The threat of a nationwide boycott on the eve of the NCAA Final Four basketball tournament sent Republicans in Indiana scrambling to amend their anti-LGBT Religious Freedom Restoration Act.
Now Governor Mike Pence, who signed the Act last week, has signed an amendment that specifically declares businesses cannot use it as cover to discriminate against LGBT people.
That pretty much undoes the law's purpose.
Claiming that it had never intended the Act to be discriminatory, the state has, for the first time in its history, enshrined into law protections against discrimination on the basis of "sex, sexual orientation, [and] gender identity."
The Act's original sponsors are incensed.
The whole series of events shows how rightwing Republicans have been left behind in a nation that has come to embrace gay marriage and LGBT rights.
When Apple, Eli Lilly, the NCAA, and NASCAR are all against you, you know your conservative coalition has fallen apart.
The UConn athletic director and the entire state of Connecticut joined the boycott.
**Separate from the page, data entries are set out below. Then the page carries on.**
fun is_patient :: "vtx \<Rightarrow> bool" where
  "is_patient (Hub h i k) = (k = 0)"
| "is_patient (Donor j a) = False"
| "is_patient (Home j a) = True"
| "is_patient (Guest j a) = True"

definition org_verts :: "nat \<Rightarrow> nat \<Rightarrow> nat \<Rightarrow> vtx set" where
  "org_verts \<Delta> m i = {v \<in> gadget_verts \<Delta> m. org v = i}"

definition org_patients :: "nat \<Rightarrow> nat \<Rightarrow> nat \<Rightarrow> vtx set" where
  "org_patients \<Delta> m i = {v \<in> org_verts \<Delta> m i. is_patient v}"

(* Stated for Suc 0 because the simplifier rewrites 1 :: nat to Suc 0. *)
lemma nxt_simps [simp]: "nxt (Suc 0) = 2" "nxt 2 = 3" "nxt 3 = 1"
  by (simp_all add: nxt_def)

lemma nxt_in: "a \<in> {1,2,3} \<Longrightarrow> nxt a \<in> {1,2,3} \<and> nxt a \<noteq> a"
  by (auto simp: nxt_def)

lemma hub_len_pos: "2 \<le> \<Delta> \<Longrightarrow> 0 < hub_len \<Delta> i"
  by (simp add: hub_len_def)

lemma hub_len_le: "hub_len \<Delta> i \<le> \<Delta>"
  by (simp add: hub_len_def)

lemma hub_len_nxt: "a \<in> {1,2,3} \<Longrightarrow> hub_len \<Delta> a + hub_len \<Delta> (nxt a) \<le> \<Delta>"
  by (auto simp: hub_len_def nxt_def)

lemma hub_len_total: "2 \<le> \<Delta> \<Longrightarrow> \<Delta> < hub_len \<Delta> 1 + hub_len \<Delta> 2 + hub_len \<Delta> 3"
  by (simp add: hub_len_def)

lemma gadget_verts_subset:
  "gadget_verts \<Delta> m \<subseteq> (\<lambda>(h, i, k). Hub h i k) ` ({..<2 * m} \<times> {1,2,3} \<times> {..<\<Delta>})
     \<union> (\<Union>j<m. \<Union>a\<in>{1,2,3}. {Donor j a, Home j a, Guest j a})"
proof -
  have "Hub h i k \<in> (\<lambda>(h, i, k). Hub h i k) ` ({..<2 * m} \<times> {1,2,3} \<times> {..<\<Delta>})"
    if "h < 2 * m" "i \<in> {1,2,3}" "k < hub_len \<Delta> i" for h i k
    using that hub_len_le[of \<Delta> i] by (intro image_eqI[where x = "(h, i, k)"]) auto
  then show ?thesis unfolding gadget_verts_def by blast
qed

lemma finite_gadget_verts: "finite (gadget_verts \<Delta> m)"
  by (rule finite_subset[OF gadget_verts_subset]) auto

lemma finite_org_patients: "finite (org_patients \<Delta> m i)"
  using finite_gadget_verts by (simp add: org_patients_def org_verts_def)

section \<open>Patients served by an exchange\<close>

lemma hub_arc_cases:
  assumes "(Hub h i k, y) \<in> gadget_arcs \<Delta> m"
  shows "Suc k < hub_len \<Delta> i \<and> y = Hub h i (Suc k) \<or>
    k = hub_len \<Delta> i - 1 \<and> (\<exists>j\<in>{1,2,3}. j \<noteq> i \<and> y = Hub h j 0)"
  using assms by cases auto

lemma cycle_hub_path:
  assumes "is_cycle (gadget_arcs \<Delta> m) d W c" "Hub h i 0 \<in> set c" "k < hub_len \<Delta> i"
  shows "Hub h i k \<in> set c"
  using assms(3)
proof (induction k)
  case 0
  show ?case using assms(2) .
next
  case (Suc k)
  have "\<And>y. (Hub h i k, y) \<in> gadget_arcs \<Delta> m \<Longrightarrow> y = Hub h i (Suc k)"
    using Suc.prems by (auto dest: hub_arc_cases)
  then show ?case using is_cycle_forced_successor[OF assms(1)] Suc by simp
qed

lemma cycle_hub_other_head:
  assumes "2 \<le> \<Delta>" "is_cycle (gadget_arcs \<Delta> m) d W c" "Hub h i 0 \<in> set c"
  obtains j where "j \<in> {1,2,3}" "j \<noteq> i" "Hub h j 0 \<in> set c"
proof -
  let ?last = "Hub h i (hub_len \<Delta> i - 1)"
  have "?last \<in> set c"
    using cycle_hub_path[OF assms(2,3)] hub_len_pos[OF assms(1)] by simp
  then obtain y where y: "y \<in> set c" "(?last, y) \<in> gadget_arcs \<Delta> m"
    using is_cycle_successor[OF assms(2)] by blast
  have "\<not> Suc (hub_len \<Delta> i - 1) < hub_len \<Delta> i" by simp
  then show ?thesis using hub_arc_cases[OF y(2)] y(1) that by blast
qed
So did people like Southern California athletic director Pat Hayden, who said he wouldn't attend the college football playoff selection meeting in Indiana out of respect for his son, who is gay.
NCAA president Mark Emmett warned that the Religious Freedom Restoration Act violates the core values of higher education: "diversity, supportiveness and inclusiveness," and said the collegiate sports organization would have to consider moving its headquarters out of Indianapolis if the law wasn't changed.
In Arkansas, Governor Asa Hutchinson reversed his support for similar legislation, and has now signed a new version of the law that exactly mirrors the federal religious freedom act.
Supporters of the Indiana law argued all week that their state was merely trying to pass a law similar to the federal measure Bill Clinton signed in 1993.
But there are key differences. Chief among them: Indiana's law declared that corporations are people, with "religious freedom" rights.
Both the Indiana law and the federal government prohibit "burdening a person's right to exercise religion unless government can show a compelling reason and the action is the least restrictive means of achieving it."
But a "person" in Indiana is specifically defined in the law to include a "limited liability corporation, company, firm, society, joint stock company, and unincorporated association."
The rightwing view that corporations are people completely upends standard definitions of freedom and individual rights.
The intent of the Indiana law is not to protect the rights of religious minorities against discrimination. It is to protect the freedom of business owners to discriminate against people they don't like.
Like Hobby Lobby, which successfully asserted its corporate religious freedom to deny birth control coverage to its female employees before the Supreme Court, Indiana business owners, including florists and pizzeria owners who told reporters they wouldn't provide services for gay weddings, wanted to use the law to declare their right to snub gay people.
Contrast that with the federal religious freedom law sponsored by Democrats Charles Schumer and Ted Kennedy, which was explicitly designed to protect real people who were members of persecuted religious minority groups. The Federal law was inspired by the case of an Oregon Native American man who lost his job in 1990, after a drug test showed peyote in his bloodstream from a religious ritual.
But that Indiana effort backfired--especially in Indianapolis, where signs declaring "We serve everyone!" sprung up all over town.
Even in Indiana, rightwingers can no longer proclaim their vision of America as a closed-minded, conservative Christian nation.
Now Republican Presidential hopefuls, who came out en masse in support of the Indiana law in order to pander to their rightwing base, have begun backpedaling, too.
It's a pleasure to see them scramble--and a sign of progress fulfilling America's true values, which are progressive and inclusive, and recognize that diversity is strength.